◆ Exercise objective ◆
Locate every line in the records below that contains the word "unfolding", and copy each one.
___ Task input ___
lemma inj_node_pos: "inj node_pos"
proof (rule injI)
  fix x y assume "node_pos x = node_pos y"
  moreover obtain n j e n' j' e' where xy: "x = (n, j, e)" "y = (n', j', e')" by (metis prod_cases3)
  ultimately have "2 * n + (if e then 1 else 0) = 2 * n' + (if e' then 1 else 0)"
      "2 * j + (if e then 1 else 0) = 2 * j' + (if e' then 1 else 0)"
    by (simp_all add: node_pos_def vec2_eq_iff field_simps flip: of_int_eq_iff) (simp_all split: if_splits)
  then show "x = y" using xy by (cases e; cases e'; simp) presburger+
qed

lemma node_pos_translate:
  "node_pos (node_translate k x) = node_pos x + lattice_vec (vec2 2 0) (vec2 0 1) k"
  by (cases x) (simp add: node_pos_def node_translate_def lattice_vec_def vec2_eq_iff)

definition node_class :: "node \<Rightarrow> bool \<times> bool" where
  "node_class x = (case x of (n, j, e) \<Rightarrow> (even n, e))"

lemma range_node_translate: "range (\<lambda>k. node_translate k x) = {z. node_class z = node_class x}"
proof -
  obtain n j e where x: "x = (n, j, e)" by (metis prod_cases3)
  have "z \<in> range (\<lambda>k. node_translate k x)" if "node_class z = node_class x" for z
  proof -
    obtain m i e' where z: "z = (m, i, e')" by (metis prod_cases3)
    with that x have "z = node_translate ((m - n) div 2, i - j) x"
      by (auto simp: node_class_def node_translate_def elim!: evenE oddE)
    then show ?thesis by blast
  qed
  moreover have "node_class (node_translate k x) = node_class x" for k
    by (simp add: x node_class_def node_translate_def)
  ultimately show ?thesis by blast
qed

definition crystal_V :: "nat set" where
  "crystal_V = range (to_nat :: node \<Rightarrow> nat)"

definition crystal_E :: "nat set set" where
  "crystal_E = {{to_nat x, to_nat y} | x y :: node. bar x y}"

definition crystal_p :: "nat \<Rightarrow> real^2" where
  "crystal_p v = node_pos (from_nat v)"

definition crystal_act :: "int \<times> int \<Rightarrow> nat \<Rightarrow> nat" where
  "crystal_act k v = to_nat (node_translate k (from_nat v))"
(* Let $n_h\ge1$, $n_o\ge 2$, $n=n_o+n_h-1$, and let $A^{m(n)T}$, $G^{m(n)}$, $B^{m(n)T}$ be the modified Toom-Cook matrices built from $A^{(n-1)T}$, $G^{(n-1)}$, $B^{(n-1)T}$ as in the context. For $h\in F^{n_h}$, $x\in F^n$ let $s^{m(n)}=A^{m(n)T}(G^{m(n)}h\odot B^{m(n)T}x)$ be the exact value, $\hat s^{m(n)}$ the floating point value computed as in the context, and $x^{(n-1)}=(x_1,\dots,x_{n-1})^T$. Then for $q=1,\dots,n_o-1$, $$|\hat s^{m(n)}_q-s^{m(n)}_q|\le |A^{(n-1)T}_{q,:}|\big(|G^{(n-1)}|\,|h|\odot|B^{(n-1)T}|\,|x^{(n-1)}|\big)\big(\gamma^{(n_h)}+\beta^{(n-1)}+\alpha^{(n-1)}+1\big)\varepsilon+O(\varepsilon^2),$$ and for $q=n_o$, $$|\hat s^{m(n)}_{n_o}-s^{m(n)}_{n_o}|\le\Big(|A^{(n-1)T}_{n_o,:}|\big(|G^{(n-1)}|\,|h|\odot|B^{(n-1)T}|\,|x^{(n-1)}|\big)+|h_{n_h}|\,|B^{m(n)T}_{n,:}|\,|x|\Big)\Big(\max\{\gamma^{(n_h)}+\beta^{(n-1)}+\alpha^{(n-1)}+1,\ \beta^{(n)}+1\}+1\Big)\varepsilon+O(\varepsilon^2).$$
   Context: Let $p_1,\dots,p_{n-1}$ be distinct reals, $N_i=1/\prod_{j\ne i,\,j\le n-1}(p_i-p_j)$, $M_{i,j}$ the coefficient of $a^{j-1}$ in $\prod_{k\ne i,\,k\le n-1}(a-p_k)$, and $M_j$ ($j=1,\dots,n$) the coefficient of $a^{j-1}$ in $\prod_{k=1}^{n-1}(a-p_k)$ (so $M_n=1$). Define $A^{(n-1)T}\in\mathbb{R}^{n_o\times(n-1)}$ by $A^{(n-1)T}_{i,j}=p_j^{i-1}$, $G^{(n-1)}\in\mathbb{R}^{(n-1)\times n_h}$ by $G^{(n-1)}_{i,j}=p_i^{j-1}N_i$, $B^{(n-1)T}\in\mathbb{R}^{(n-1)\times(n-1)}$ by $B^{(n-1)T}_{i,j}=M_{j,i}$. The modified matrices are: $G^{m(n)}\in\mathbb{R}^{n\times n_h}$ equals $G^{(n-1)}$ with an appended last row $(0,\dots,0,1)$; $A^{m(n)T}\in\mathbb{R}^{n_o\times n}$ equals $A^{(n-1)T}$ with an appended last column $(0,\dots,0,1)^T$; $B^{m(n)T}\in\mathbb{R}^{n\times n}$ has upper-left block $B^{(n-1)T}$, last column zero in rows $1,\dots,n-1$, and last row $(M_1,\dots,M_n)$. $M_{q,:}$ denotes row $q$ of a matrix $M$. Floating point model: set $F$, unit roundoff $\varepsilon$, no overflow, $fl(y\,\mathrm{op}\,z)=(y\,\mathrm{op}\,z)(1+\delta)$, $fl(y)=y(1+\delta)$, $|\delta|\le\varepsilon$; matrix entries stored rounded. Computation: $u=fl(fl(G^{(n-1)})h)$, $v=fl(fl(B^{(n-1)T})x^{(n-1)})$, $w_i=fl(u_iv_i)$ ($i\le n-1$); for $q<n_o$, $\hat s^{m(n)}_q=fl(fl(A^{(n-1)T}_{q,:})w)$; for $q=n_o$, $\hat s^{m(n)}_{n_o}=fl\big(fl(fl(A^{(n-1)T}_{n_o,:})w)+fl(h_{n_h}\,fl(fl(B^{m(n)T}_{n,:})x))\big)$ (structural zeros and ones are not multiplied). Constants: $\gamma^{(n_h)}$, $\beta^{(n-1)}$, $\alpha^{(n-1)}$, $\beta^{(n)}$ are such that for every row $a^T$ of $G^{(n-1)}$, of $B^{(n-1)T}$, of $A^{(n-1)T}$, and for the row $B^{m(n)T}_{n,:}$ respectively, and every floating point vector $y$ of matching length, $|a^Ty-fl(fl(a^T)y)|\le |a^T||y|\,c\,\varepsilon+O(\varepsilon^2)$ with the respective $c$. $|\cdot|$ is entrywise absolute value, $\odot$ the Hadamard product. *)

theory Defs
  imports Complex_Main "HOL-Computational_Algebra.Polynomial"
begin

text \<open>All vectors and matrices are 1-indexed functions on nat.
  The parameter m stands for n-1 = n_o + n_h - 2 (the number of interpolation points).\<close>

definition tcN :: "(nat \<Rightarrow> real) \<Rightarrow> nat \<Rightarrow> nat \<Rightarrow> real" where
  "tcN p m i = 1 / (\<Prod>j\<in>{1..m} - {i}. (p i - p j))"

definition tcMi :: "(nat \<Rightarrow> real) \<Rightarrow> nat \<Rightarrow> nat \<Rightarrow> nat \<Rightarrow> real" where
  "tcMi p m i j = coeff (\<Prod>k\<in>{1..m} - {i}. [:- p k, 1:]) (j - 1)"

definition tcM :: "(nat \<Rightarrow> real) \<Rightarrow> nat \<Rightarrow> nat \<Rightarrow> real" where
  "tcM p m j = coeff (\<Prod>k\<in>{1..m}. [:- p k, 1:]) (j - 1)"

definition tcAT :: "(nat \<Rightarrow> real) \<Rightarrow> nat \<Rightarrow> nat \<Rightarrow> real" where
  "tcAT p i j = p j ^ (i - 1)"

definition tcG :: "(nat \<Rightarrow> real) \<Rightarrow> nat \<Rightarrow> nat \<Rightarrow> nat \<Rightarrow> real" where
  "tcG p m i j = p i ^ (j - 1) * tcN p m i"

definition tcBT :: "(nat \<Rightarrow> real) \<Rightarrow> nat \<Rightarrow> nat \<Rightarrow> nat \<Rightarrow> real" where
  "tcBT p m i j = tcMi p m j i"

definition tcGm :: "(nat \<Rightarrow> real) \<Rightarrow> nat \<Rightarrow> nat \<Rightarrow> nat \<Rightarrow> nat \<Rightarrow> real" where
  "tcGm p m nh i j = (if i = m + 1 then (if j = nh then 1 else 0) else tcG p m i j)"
___
___ Task input ___
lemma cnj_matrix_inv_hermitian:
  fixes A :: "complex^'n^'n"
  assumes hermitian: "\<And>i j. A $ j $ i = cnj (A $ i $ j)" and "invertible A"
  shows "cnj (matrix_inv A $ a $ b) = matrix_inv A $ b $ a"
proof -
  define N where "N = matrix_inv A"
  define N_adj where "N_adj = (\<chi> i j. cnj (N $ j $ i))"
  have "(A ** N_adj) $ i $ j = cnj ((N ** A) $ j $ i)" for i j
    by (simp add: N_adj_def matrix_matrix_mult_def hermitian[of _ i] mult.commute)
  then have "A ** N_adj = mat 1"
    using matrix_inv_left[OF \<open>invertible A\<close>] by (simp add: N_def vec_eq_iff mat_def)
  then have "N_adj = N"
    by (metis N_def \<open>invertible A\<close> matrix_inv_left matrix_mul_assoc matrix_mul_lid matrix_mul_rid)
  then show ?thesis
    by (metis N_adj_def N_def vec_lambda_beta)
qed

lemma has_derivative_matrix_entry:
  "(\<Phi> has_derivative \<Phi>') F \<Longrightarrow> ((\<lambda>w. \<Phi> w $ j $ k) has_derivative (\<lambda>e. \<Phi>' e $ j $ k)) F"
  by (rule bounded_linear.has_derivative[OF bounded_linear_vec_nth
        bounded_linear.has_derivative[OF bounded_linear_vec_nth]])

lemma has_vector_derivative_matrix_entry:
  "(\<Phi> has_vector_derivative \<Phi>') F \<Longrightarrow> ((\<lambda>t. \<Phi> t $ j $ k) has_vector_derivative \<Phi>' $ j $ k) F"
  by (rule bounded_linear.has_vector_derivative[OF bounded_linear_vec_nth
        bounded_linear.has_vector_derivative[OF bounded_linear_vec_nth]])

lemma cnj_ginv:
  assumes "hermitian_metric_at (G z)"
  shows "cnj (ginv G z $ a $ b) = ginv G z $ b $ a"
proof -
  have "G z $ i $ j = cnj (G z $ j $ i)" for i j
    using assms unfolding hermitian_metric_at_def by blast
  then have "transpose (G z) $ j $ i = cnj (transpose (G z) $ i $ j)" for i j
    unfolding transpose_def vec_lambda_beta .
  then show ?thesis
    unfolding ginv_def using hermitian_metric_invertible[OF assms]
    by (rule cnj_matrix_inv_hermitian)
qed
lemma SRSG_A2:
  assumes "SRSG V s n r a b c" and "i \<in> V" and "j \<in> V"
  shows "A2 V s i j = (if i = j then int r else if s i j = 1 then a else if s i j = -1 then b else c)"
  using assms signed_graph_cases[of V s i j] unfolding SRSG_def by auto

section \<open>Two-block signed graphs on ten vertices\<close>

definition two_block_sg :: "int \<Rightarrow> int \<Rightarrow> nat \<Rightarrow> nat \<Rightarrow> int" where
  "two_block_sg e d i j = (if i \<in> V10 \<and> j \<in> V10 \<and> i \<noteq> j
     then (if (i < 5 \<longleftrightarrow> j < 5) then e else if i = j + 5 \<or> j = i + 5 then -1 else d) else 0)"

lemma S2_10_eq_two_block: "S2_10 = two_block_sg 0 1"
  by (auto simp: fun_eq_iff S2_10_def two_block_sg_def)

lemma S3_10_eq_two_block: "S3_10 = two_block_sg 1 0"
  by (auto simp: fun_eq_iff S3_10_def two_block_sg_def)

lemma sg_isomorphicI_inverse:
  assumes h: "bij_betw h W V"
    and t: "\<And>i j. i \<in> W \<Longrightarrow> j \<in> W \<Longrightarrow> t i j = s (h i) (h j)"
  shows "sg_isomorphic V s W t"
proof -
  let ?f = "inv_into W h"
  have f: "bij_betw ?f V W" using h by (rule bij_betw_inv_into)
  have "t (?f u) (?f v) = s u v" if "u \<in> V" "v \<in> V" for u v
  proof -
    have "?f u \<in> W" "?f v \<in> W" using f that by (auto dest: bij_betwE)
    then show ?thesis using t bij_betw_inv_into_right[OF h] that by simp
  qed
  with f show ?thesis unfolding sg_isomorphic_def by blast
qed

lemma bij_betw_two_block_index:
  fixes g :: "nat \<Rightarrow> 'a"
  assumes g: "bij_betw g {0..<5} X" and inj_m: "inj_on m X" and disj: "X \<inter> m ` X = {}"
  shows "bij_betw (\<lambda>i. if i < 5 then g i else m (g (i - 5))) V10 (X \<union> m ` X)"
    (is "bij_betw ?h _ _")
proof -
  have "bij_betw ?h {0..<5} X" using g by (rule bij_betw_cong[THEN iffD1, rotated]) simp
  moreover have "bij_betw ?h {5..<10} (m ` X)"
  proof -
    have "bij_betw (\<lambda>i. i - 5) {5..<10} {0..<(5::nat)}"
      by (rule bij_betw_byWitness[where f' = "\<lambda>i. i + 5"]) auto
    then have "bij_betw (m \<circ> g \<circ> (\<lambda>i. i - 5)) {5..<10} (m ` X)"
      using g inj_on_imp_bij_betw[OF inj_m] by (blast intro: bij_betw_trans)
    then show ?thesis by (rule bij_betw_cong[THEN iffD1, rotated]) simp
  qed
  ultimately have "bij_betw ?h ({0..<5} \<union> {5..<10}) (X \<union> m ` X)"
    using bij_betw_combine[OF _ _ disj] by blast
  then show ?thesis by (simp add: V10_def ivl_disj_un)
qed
___
___ Task input ___
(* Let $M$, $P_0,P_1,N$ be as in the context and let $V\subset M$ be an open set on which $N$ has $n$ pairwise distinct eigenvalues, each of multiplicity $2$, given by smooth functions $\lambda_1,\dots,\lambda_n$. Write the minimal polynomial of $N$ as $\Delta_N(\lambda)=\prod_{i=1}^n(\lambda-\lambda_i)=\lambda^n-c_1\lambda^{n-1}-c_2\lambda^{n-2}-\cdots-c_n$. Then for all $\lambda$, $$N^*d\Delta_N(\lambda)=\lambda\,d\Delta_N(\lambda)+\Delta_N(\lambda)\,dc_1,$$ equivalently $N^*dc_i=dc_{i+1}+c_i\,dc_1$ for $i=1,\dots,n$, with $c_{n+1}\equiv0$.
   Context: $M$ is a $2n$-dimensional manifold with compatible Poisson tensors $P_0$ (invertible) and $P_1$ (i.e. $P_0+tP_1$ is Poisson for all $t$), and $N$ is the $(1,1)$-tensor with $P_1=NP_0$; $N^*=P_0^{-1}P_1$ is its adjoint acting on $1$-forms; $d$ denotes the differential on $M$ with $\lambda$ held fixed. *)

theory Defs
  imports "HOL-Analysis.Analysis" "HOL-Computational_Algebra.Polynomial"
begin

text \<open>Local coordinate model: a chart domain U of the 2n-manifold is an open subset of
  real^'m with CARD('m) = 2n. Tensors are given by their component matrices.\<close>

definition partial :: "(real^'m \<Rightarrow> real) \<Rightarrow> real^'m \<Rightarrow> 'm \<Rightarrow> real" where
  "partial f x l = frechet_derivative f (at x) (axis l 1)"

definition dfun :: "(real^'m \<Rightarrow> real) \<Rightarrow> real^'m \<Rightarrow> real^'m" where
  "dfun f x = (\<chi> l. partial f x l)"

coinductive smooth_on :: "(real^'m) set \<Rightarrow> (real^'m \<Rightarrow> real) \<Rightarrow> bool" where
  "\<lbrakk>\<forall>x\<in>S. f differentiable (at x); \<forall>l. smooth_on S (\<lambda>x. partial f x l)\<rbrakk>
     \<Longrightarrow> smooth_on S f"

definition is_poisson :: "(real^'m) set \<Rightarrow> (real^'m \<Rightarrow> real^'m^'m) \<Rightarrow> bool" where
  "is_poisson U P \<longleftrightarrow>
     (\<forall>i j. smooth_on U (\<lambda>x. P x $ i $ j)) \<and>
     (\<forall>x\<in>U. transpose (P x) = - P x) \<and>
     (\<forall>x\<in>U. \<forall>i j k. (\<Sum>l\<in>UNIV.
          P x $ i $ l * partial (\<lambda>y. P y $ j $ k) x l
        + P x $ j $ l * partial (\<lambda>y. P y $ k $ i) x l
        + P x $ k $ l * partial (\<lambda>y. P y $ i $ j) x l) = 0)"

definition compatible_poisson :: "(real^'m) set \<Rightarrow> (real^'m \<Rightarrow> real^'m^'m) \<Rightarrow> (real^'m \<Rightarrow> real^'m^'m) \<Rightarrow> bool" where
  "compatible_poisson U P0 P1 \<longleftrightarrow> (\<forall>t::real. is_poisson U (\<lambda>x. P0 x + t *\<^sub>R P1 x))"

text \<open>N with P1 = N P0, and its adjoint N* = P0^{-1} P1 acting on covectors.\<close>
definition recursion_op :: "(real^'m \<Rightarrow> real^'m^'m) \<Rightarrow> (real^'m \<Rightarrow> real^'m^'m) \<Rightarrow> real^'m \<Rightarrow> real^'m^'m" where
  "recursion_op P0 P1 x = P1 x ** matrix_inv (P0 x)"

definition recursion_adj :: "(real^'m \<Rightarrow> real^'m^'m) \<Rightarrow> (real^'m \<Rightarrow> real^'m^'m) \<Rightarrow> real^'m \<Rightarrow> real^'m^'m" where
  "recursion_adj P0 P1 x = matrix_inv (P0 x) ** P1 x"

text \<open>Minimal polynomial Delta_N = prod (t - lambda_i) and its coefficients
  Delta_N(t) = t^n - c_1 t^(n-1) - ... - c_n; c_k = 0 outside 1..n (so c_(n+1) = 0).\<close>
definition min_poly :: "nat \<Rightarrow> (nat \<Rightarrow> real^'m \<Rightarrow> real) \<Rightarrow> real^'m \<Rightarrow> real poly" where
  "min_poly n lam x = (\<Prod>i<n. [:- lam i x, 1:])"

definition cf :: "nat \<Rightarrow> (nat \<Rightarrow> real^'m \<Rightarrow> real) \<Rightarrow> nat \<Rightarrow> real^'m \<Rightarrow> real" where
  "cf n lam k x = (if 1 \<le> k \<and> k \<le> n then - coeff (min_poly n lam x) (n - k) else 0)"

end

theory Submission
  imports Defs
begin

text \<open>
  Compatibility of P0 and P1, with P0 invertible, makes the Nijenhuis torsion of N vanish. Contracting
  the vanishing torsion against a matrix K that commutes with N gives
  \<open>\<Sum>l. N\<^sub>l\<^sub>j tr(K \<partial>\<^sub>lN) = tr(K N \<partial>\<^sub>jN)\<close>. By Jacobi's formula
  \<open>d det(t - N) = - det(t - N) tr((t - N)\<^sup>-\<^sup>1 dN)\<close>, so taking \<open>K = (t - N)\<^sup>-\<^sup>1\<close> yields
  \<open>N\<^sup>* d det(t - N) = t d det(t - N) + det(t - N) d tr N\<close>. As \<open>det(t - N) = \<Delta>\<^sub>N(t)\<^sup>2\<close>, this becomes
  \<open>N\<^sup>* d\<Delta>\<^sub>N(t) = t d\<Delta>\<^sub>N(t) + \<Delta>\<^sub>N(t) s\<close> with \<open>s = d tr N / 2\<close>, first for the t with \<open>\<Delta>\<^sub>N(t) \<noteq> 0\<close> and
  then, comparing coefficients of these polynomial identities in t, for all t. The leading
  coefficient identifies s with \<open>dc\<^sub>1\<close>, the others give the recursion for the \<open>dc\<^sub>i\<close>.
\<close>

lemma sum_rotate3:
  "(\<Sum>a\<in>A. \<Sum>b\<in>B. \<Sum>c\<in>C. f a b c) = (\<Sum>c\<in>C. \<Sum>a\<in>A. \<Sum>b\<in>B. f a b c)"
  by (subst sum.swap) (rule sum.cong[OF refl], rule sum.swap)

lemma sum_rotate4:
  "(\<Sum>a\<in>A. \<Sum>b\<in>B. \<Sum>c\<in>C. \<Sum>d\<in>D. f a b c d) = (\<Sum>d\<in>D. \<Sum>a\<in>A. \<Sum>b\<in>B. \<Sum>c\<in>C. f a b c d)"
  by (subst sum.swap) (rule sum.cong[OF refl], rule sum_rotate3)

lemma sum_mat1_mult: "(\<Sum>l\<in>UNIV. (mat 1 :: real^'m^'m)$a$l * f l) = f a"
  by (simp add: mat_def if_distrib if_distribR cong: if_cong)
___
◆ Solved problem ◆
    using assms unfolding hermitian_metric_at_def by blast
    unfolding transpose_def vec_lambda_beta .
    unfolding ginv_def using hermitian_metric_invertible[OF assms]
  using assms signed_graph_cases[of V s i j] unfolding SRSG_def by auto
  with f show ?thesis unfolding sg_isomorphic_def by blast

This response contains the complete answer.